Stack walking performance issue

Mon Mar 18 08:54:52 UTC 2019

Hi Amir,

Thanks for testing ZGC and reporting back this issue.

The stack trace indicates that the JVM is performing lookups in the 
ResolvedMethodTable:

  ResolvedMethodTable::lookup(int, unsigned int, Method*)
  java_lang_invoke_ResolvedMethodName::find_resolved_method(methodHandle 
const&, Thread*)
CallInfo::CallInfo(Method*, Klass*, Thread*)

This table has a small, fixed size:

   enum Constants {
     _table_size  = 1007
   };

and it gets cleaned out during class unloading.

ZGC doesn't have class unloading in JDK 11. In JDK 12, which is about to 
go GA tomorrow [1], we've implemented concurrent class unloading for 
ZGC. So, that version will clean out the ResolvedMethodTable.

It would be good to verify that this is indeed the problem. Two things 
that could be tested:

1) Run with G1 and class unloading disabled with -XX:-ClassUnloading. If 
this is showing the same problem as ZGC, then we're on the right track.

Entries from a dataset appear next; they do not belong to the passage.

(* Let $N\ge1$, $v>0$, $\varepsilon>0$, $L_1>0$ and $L_2=1$. Consider the continuous-time Markov chain $(N(t),W(t))$ on $\{0,\dots,N\}\times\{A,I\}$ with transition rates $(k,A)\to(k+1,A)$ at rate $(N-k)v$, $(k,A)\to(k-1,A)$ at rate $k$, $(k,I)\to(k+1,I)$ at rate $\varepsilon(N-k)v$, $(k,I)\to(k-1,I)$ at rate $k$, $(k,I)\to(k,A)$ at rate $L_2$, and $(k,A)\to(k,I)$ at rate $L_1\varepsilon^k$. Then the stationary marginal distribution of $N(t)$ is $$\bar\pi(k)=\frac{\binom Nk(\frac{v}{1+v})^k(\frac{1}{1+v})^{N-k}}{1+(\frac{1+\varepsilon v}{1+v})^NL_1}+\frac{\binom Nk(\frac{\varepsilon v}{1+\varepsilon v})^k(\frac{1}{1+\varepsilon v})^{N-k}}{1+(\frac{1+v}{1+\varepsilon v})^NL_1^{-1}},\qquad k=0,\dots,N,$$ a mixture of the binomial distributions $\mathcal B(N,\frac{v}{1+v})$ and $\mathcal B(N,\frac{\varepsilon v}{1+\varepsilon v})$.
   Context: This is a model of allosteric multisite phosphorylation: $N(t)$ is the number of phosphorylated sites among $N$, $W(t)\in\{A,I\}$ is the active/inactive state of the protein, $v$ is the kinase/ligand concentration. *)

theory Defs
  imports Complex_Main
begin

text \<open>States are pairs (k, w) with k in {0..N} the number of phosphorylated sites and
  w = True for the active state A, w = False for the inactive state I.\<close>

definition states :: "nat \<Rightarrow> (nat \<times> bool) set" where
  "states N = {0..N} \<times> UNIV"

definition rate :: "nat \<Rightarrow> real \<Rightarrow> real \<Rightarrow> real \<Rightarrow> nat \<times> bool \<Rightarrow> nat \<times> bool \<Rightarrow> real" where
  "rate N v eps L1 s t =
     (let (k, a) = s; (j, b) = t in
      if a = b then
        (if j = k + 1 then (if a then real (N - k) * v else eps * real (N - k) * v)
         else if j + 1 = k then real k
         else 0)
      else if j = k then (if a then L1 * eps ^ k else 1)
      else 0)"

definition stationary :: "nat \<Rightarrow> real \<Rightarrow> real \<Rightarrow> real \<Rightarrow> (nat \<times> bool \<Rightarrow> real) \<Rightarrow> bool" where
  "stationary N v eps L1 p \<longleftrightarrow>
     (\<forall>s\<in>states N. p s \<ge> 0) \<and>
     (\<Sum>s\<in>states N. p s) = 1 \<and>
     (\<forall>s\<in>states N.
        (\<Sum>t\<in>states N - {s}. p t * rate N v eps L1 t s) =
        p s * (\<Sum>t\<in>states N - {s}. rate N v eps L1 s t))"

definition pi_bar :: "nat \<Rightarrow> real \<Rightarrow> real \<Rightarrow> real \<Rightarrow> nat \<Rightarrow> real" where
  "pi_bar N v eps L1 k =
     real (N choose k) * (v / (1 + v)) ^ k * (1 / (1 + v)) ^ (N - k)
       / (1 + ((1 + eps * v) / (1 + v)) ^ N * L1)
   + real (N choose k) * (eps * v / (1 + eps * v)) ^ k * (1 / (1 + eps * v)) ^ (N - k)
       / (1 + ((1 + v) / (1 + eps * v)) ^ N * inverse L1)"

end

theory Submission
  imports Defs
begin

text \<open>The weights w(k,A) = C(N,k) v^k and w(k,I) = L1 C(N,k) (eps v)^k satisfy detailed balance,
  so their normalisation is stationary; its k-marginal is the stated mixture of binomials, the
  two components carrying total masses (1+v)^N and L1 (1+eps v)^N.  Uniqueness is a maximum
  principle: for any solution p of the balance equations, p/w attains its maximum on a set that
  is closed under positive-rate transitions, and the chain is irreducible.\<close>

definition global_balance :: "'a set \<Rightarrow> ('a \<Rightarrow> 'a \<Rightarrow> real) \<Rightarrow> ('a \<Rightarrow> real) \<Rightarrow> bool" where
  "global_balance S r p \<longleftrightarrow>
     (\<forall>s\<in>S. (\<Sum>t\<in>S - {s}. p t * r t s) = p s * (\<Sum>t\<in>S - {s}. r s t))"

lemma detailed_balance_imp_global_balance:
  assumes "\<And>s t. s \<in> S \<Longrightarrow> t \<in> S \<Longrightarrow> w t * r t s = w s * r s t"
  shows "global_balance S r w"
  unfolding global_balance_def
  by (auto simp: sum_distrib_left assms intro!: sum.cong)

lemma global_balance_max_propagates:
  assumes "finite S" and bal: "global_balance S r p"
    and detailed: "\<And>s t. s \<in> S \<Longrightarrow> t \<in> S \<Longrightarrow> w t * r t s = w s * r s t"
    and w_pos: "\<And>s. s \<in> S \<Longrightarrow> w s > 0"
    and r_nonneg: "\<And>s t. s \<in> S \<Longrightarrow> t \<in> S \<Longrightarrow> r s t \<ge> 0"
    and s: "s \<in> S" and t: "t \<in> S" "t \<noteq> s" and r_pos: "r s t > 0"
    and max: "\<And>u. u \<in> S \<Longrightarrow> p u / w u \<le> p s / w s"
  shows "p t / w t = p s / w s"
proof -
  define M where "M = p s / w s"
  define d where "d u = (M - p u / w u) * (w s * r s u)" for u
  have "(\<Sum>u\<in>S - {s}. p u * r u s) = (\<Sum>u\<in>S - {s}. p u / w u * (w s * r s u))"
  proof (rule sum.cong)
    fix u assume "u \<in> S - {s}"
    then have "w u \<noteq> 0" using w_pos by force
    then have "p u * r u s = p u / w u * (w u * r u s)" by simp
    moreover have rev: "w u * r u s = w s * r s u" using detailed \<open>u \<in> S - {s}\<close> s by blast
    ultimately show "p u * r u s = p u / w u * (w s * r s u)" by (simp only: rev)
  qed simp
  moreover have "p s * (\<Sum>u\<in>S - {s}. r s u) = (\<Sum>u\<in>S - {s}. M * (w s * r s u))"
    using w_pos[OF s] by (simp add: M_def sum_distrib_left)
  ultimately have "(\<Sum>u\<in>S - {s}. d u) = 0"
    using bal s by (simp add: global_balance_def d_def left_diff_distrib sum_subtractf)
  moreover have "\<forall>u\<in>S - {s}. d u \<ge> 0"
    using max w_pos[OF s] r_nonneg[OF s] by (auto simp: d_def M_def)
  ultimately have "d t = 0"
    using sum_nonneg_eq_0_iff[of "S - {s}" d] \<open>finite S\<close> t by blast
  moreover have "w s * r s t > 0" using w_pos[OF s] r_pos by simp
  ultimately show ?thesis by (auto simp: d_def M_def)
qed

lemma global_balance_proportional:
  assumes "finite S" "S \<noteq> {}" and bal: "global_balance S r p"
    and detailed: "\<And>s t. s \<in> S \<Longrightarrow> t \<in> S \<Longrightarrow> w t * r t s = w s * r s t"
    and w_pos: "\<And>s. s \<in> S \<Longrightarrow> w s > 0"
    and r_nonneg: "\<And>s t. s \<in> S \<Longrightarrow> t \<in> S \<Longrightarrow> r s t \<ge> 0"
    and irreducible: "\<And>T. T \<subseteq> S \<Longrightarrow> T \<noteq> {} \<Longrightarrow>
       (\<And>s t. s \<in> T \<Longrightarrow> t \<in> S \<Longrightarrow> t \<noteq> s \<Longrightarrow> r s t > 0 \<Longrightarrow> t \<in> T) \<Longrightarrow> T = S"
  shows "\<exists>c. \<forall>s\<in>S. p s = c * w s"
proof -
  define M where "M = Max ((\<lambda>u. p u / w u) ` S)"
  define T where "T = {s\<in>S. p s / w s = M}"
  have le_M: "p u / w u \<le> M" if "u \<in> S" for u
    using \<open>finite S\<close> that by (simp add: M_def)
  have "M \<in> (\<lambda>u. p u / w u) ` S"
    unfolding M_def using \<open>finite S\<close> \<open>S \<noteq> {}\<close> by (intro Max_in) auto
  then have "T \<noteq> {}" by (auto simp: T_def)
  moreover have "t \<in> T" if "s \<in> T" "t \<in> S" "t \<noteq> s" "r s t > 0" for s t
    using global_balance_max_propagates[OF assms(1,3-6), of s t] that le_M
    by (auto simp: T_def)
  ultimately have "T = S" using irreducible[of T] by (auto simp: T_def)
  have "p s = M * w s" if "s \<in> S" for s
  proof -
    have "p s / w s = M" using \<open>T = S\<close> that by (auto simp: T_def)
    then show ?thesis using w_pos[OF that] by (simp add: divide_eq_eq)
  qed
  then show ?thesis by blast
qed

definition weight :: "nat \<Rightarrow> real \<Rightarrow> real \<Rightarrow> real \<Rightarrow> nat \<times> bool \<Rightarrow> real" where
  "weight N v eps L1 s =
     (let (k, a) = s in real (N choose k) * (if a then v ^ k else L1 * (eps * v) ^ k))"

lemma of_nat_choose_Suc_mult:
  "real (N choose Suc j) * real (Suc j) = real (N choose j) * real (N - j)"
proof -
  have "Suc j * (N choose Suc j) = (N - j) * (N choose j)"
    using binomial_absorption[of j N] binomial_absorb_comp[of N j] by simp
  then show ?thesis by (metis of_nat_mult mult.commute)
qed

lemma weight_rate_detailed_balance:
  "weight N v eps L1 t * rate N v eps L1 t s = weight N v eps L1 s * rate N v eps L1 s t"
proof -
  obtain j b k a where st: "t = (j, b)" "s = (k, a)" by (cases t, cases s)
  show ?thesis
    using of_nat_choose_Suc_mult[of N j] of_nat_choose_Suc_mult[of N k]
    by (cases "a = b") (auto simp: st weight_def rate_def power_Suc power_mult_distrib)
qed

lemma rate_nonneg: "v > 0 \<Longrightarrow> eps > 0 \<Longrightarrow> L1 > 0 \<Longrightarrow> rate N v eps L1 s t \<ge> 0"
  unfolding rate_def by (auto split: prod.splits)

lemma weight_pos: "v > 0 \<Longrightarrow> eps > 0 \<Longrightarrow> L1 > 0 \<Longrightarrow> s \<in> states N \<Longrightarrow> weight N v eps L1 s > 0"
  unfolding weight_def states_def by (auto split: prod.splits)

lemma finite_states: "finite (states N)"
  unfolding states_def by simp

lemma states_subset_closed:
  assumes "(k, a) \<in> T" "k \<le> N"
    and down: "\<And>n b. n < N \<Longrightarrow> (Suc n, b) \<in> T \<Longrightarrow> (n, b) \<in> T"
    and up: "\<And>n b. n < N \<Longrightarrow> (n, b) \<in> T \<Longrightarrow> (Suc n, b) \<in> T"
    and flip: "\<And>n b. n \<le> N \<Longrightarrow> (n, b) \<in> T \<Longrightarrow> (n, \<not> b) \<in> T"
  shows "states N \<subseteq> T"
proof -
  have "(0, a) \<in> T"
    using le0[of k] by (induction rule: inc_induct) (use assms(1,2) down in auto)
  then have column: "(j, a) \<in> T" if "j \<le> N" for j
    using that by (induction j) (use up in auto)
  have "(j, b) \<in> T" if "j \<le> N" for j b
    using column[OF that] flip[OF that, of a] by (cases "b = a") auto
  then show ?thesis by (auto simp: states_def)
qed

lemma rate_irreducible:
  assumes "v > 0" "eps > 0" "L1 > 0"
    and "T \<subseteq> states N" "T \<noteq> {}"
    and closed: "\<And>s t. s \<in> T \<Longrightarrow> t \<in> states N \<Longrightarrow> t \<noteq> s \<Longrightarrow> rate N v eps L1 s t > 0 \<Longrightarrow> t \<in> T"
  shows "T = states N"
proof -
  obtain k a where "(k, a) \<in> T" "k \<le> N"
    using \<open>T \<subseteq> states N\<close> \<open>T \<noteq> {}\<close> unfolding states_def by fastforce
  have "states N \<subseteq> T"
  proof (rule states_subset_closed[OF \<open>(k, a) \<in> T\<close> \<open>k \<le> N\<close>])
    fix n b
    show "(n, b) \<in> T" if "n < N" "(Suc n, b) \<in> T"
      using that closed[of "(Suc n, b)" "(n, b)"] by (auto simp: states_def rate_def)
    show "(Suc n, b) \<in> T" if "n < N" "(n, b) \<in> T"
      using that assms(1,2) closed[of "(n, b)" "(Suc n, b)"] by (auto simp: states_def rate_def)
    show "(n, \<not> b) \<in> T" if "n \<le> N" "(n, b) \<in> T"
      using that assms(2,3) closed[of "(n, b)" "(n, \<not> b)"] by (auto simp: states_def rate_def)
  qed
  then show ?thesis using \<open>T \<subseteq> states N\<close> by blast
qed

lemma sum_weight: "(\<Sum>s\<in>states N. weight N v eps L1 s) = (1 + v) ^ N + L1 * (1 + eps * v) ^ N"
proof -
  have "(\<Sum>s\<in>states N. weight N v eps L1 s)
      = (\<Sum>k\<le>N. \<Sum>a\<in>UNIV. weight N v eps L1 (k, a))"
    by (simp add: states_def atLeast0AtMost sum.cartesian_product)
  also have "\<dots> = (\<Sum>k\<le>N. real (N choose k) * v ^ k * 1 ^ (N - k))
        + L1 * (\<Sum>k\<le>N. real (N choose k) * (eps * v) ^ k * 1 ^ (N - k))"
    by (simp add: UNIV_bool weight_def sum.distrib sum_distrib_left algebra_simps)
  also have "\<dots> = (1 + v) ^ N + L1 * (1 + eps * v) ^ N"
    by (simp only: binomial_ring[symmetric] add.commute)
  finally show ?thesis .
qed

lemma weight_marginal_eq_pi_bar:
  assumes "v > 0" "eps > 0" "L1 > 0" "k \<le> N"
  shows "(weight N v eps L1 (k, True) + weight N v eps L1 (k, False))
           / ((1 + v) ^ N + L1 * (1 + eps * v) ^ N) = pi_bar N v eps L1 k"
  (is "_ = ?rhs")
proof -
  define A B where "A = (1 + v) ^ N" and "B = (1 + eps * v) ^ N"
  have "A > 0" "B > 0" using assms by (simp_all add: A_def B_def add_pos_pos)
  have "(v / (1 + v)) ^ k * (1 / (1 + v)) ^ (N - k) = v ^ k / A"
    "(eps * v / (1 + eps * v)) ^ k * (1 / (1 + eps * v)) ^ (N - k) = (eps * v) ^ k / B"
    "((1 + eps * v) / (1 + v)) ^ N = B / A" "((1 + v) / (1 + eps * v)) ^ N = A / B"
    using \<open>k \<le> N\<close> by (simp_all add: A_def B_def power_divide power_add[symmetric])
  then have "?rhs = real (N choose k) * (v ^ k / A) / (1 + B / A * L1)
        + real (N choose k) * ((eps * v) ^ k / B) / (1 + A / B * inverse L1)"
    unfolding pi_bar_def by (simp only: mult.assoc)
  also have "\<dots> = (real (N choose k) * v ^ k + real (N choose k) * (L1 * (eps * v) ^ k)) / (A + L1 * B)"
    using \<open>A > 0\<close> \<open>B > 0\<close> assms by (simp add: field_simps) (simp add: add_divide_distrib)
  finally show ?thesis by (simp add: weight_def A_def B_def)
qed

lemma stationary_normalized_weight:
  assumes "v > 0" "eps > 0" "L1 > 0"
  shows "stationary N v eps L1 (\<lambda>s. weight N v eps L1 s / (\<Sum>u\<in>states N. weight N v eps L1 u))"
proof -
  let ?w = "weight N v eps L1"
  define Z where "Z = (\<Sum>u\<in>states N. ?w u)"
  have w_pos: "\<And>s. s \<in> states N \<Longrightarrow> ?w s > 0" using weight_pos assms by blast
  then have "Z > 0"
    unfolding Z_def using finite_states by (intro sum_pos) (auto simp: states_def)
  have "global_balance (states N) (rate N v eps L1) (\<lambda>s. ?w s / Z)"
    by (rule detailed_balance_imp_global_balance) (simp add: weight_rate_detailed_balance)
  then show ?thesis
    using w_pos \<open>Z > 0\<close>
    by (auto simp: stationary_def global_balance_def Z_def less_imp_le simp flip: sum_divide_distrib)
qed

lemma stationary_eq_normalized_weight:
  assumes "v > 0" "eps > 0" "L1 > 0" and st: "stationary N v eps L1 p" and "s \<in> states N"
  shows "p s = weight N v eps L1 s / (\<Sum>u\<in>states N. weight N v eps L1 u)"
proof -
  let ?w = "weight N v eps L1" and ?r = "rate N v eps L1"
  have "\<exists>c. \<forall>s\<in>states N. p s = c * ?w s"
  proof (rule global_balance_proportional)
    show "global_balance (states N) ?r p"
      using st by (simp add: stationary_def global_balance_def)
    show "states N \<noteq> {}" by (auto simp: states_def)
    show "\<And>T. T \<subseteq> states N \<Longrightarrow> T \<noteq> {} \<Longrightarrow>
      (\<And>s t. s \<in> T \<Longrightarrow> t \<in> states N \<Longrightarrow> t \<noteq> s \<Longrightarrow> ?r s t > 0 \<Longrightarrow> t \<in> T) \<Longrightarrow> T = states N"
      by (rule rate_irreducible[OF assms(1-3)])
  qed (use finite_states rate_nonneg[OF assms(1-3)] weight_pos[OF assms(1-3)]
      weight_rate_detailed_balance in auto)
  then obtain c where c: "\<forall>s\<in>states N. p s = c * ?w s" ..
  have "1 = (\<Sum>u\<in>states N. c * ?w u)"
    using st c by (simp add: stationary_def)
  then have "c = 1 / (\<Sum>u\<in>states N. ?w u)"
    by (auto simp: eq_divide_eq simp flip: sum_distrib_left)
  then show ?thesis using c \<open>s \<in> states N\<close> by simp
qed

theorem proposition1:
  fixes N :: nat and v eps L1 :: real
  assumes "N \<ge> 1" and "v > 0" and "eps > 0" and "L1 > 0"
  shows "(\<exists>p. stationary N v eps L1 p) \<and>
         (\<forall>p. stationary N v eps L1 p \<longrightarrow>
            (\<forall>k\<in>{0..N}. p (k, True) + p (k, False) = pi_bar N v eps L1 k))"
proof -
  have "p (k, True) + p (k, False) = pi_bar N v eps L1 k"
    if "stationary N v eps L1 p" and "k \<in> {0..N}" for p k
  proof -
    have "(k, True) \<in> states N" "(k, False) \<in> states N"
      using \<open>k \<in> {0..N}\<close> by (auto simp: states_def)
    then have "p (k, True) + p (k, False) = (weight N v eps L1 (k, True) + weight N v eps L1 (k, False))
        / ((1 + v) ^ N + L1 * (1 + eps * v) ^ N)"
      using stationary_eq_normalized_weight[OF assms(2-4) that(1)]
      by (simp add: sum_weight add_divide_distrib)
    also have "\<dots> = pi_bar N v eps L1 k"
      using weight_marginal_eq_pi_bar[OF assms(2-4)] \<open>k \<in> {0..N}\<close> by simp
    finally show ?thesis .
  qed
  then show ?thesis
    using stationary_normalized_weight[OF assms(2-4)] by blast
qed

end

2) Try with ZGC on JDK 12.

When running with class unloading, you could also try to add 
membername+table=debug to the -Xlog flag. For example:

  -Xlog:gc*,membername+table=debug

This will print the following line every time the GC cleans the 
ResolvedMemberTable during class unloading:

   log_debug(membername, table) ("ResolvedMethod entries counted %d 
removed %d", _oops_counted, _oops_removed);

This will show us how full this table is, and if it gets cleaned a lot. 
If it's heavily populated even with class unloading, we probably need to 
change it's implementation to use the new ConcurrentHashTable.

Thanks,
StefanK

[1] https://openjdk.java.net/projects/jdk/12/

On 2019-03-17 15:43, Amir Hadadi wrote:
> We've encountered the following performance issue which happens on an instance deployed in docker with ubuntu 16.04, Linux kernel 4.4.0-92-generic and OpenJDK 11.0.2.
> The issue shows up with zgc but does not show up with G1.
> 
> During a period of 10 days after deployment, CPU usage goes up steadily at a rate of ~10% per day. Eventually we have to restart all instances.
> I profiled our app after 4 days of uptime using async-profiler and found that the following stack is the most frequent stack: https://gist.github.com/amirhadadi/48b6f84e3b2412124e817a50608e6ddd
> I tried restarting the instance and waited 10 minutes before profiling, and stack walking shows up much less in sampling: https://gist.github.com/amirhadadi/0c43b087b9bfd995119a97cbf3557d21
> This is how the stack walk looks when profiling an instance deployed with g1 after 3 days: https://gist.github.com/amirhadadi/224c33a19bfd9ea8dcc264cefc641496
> 
> Please help me figure this one out.
> 
> 
> 
> 
>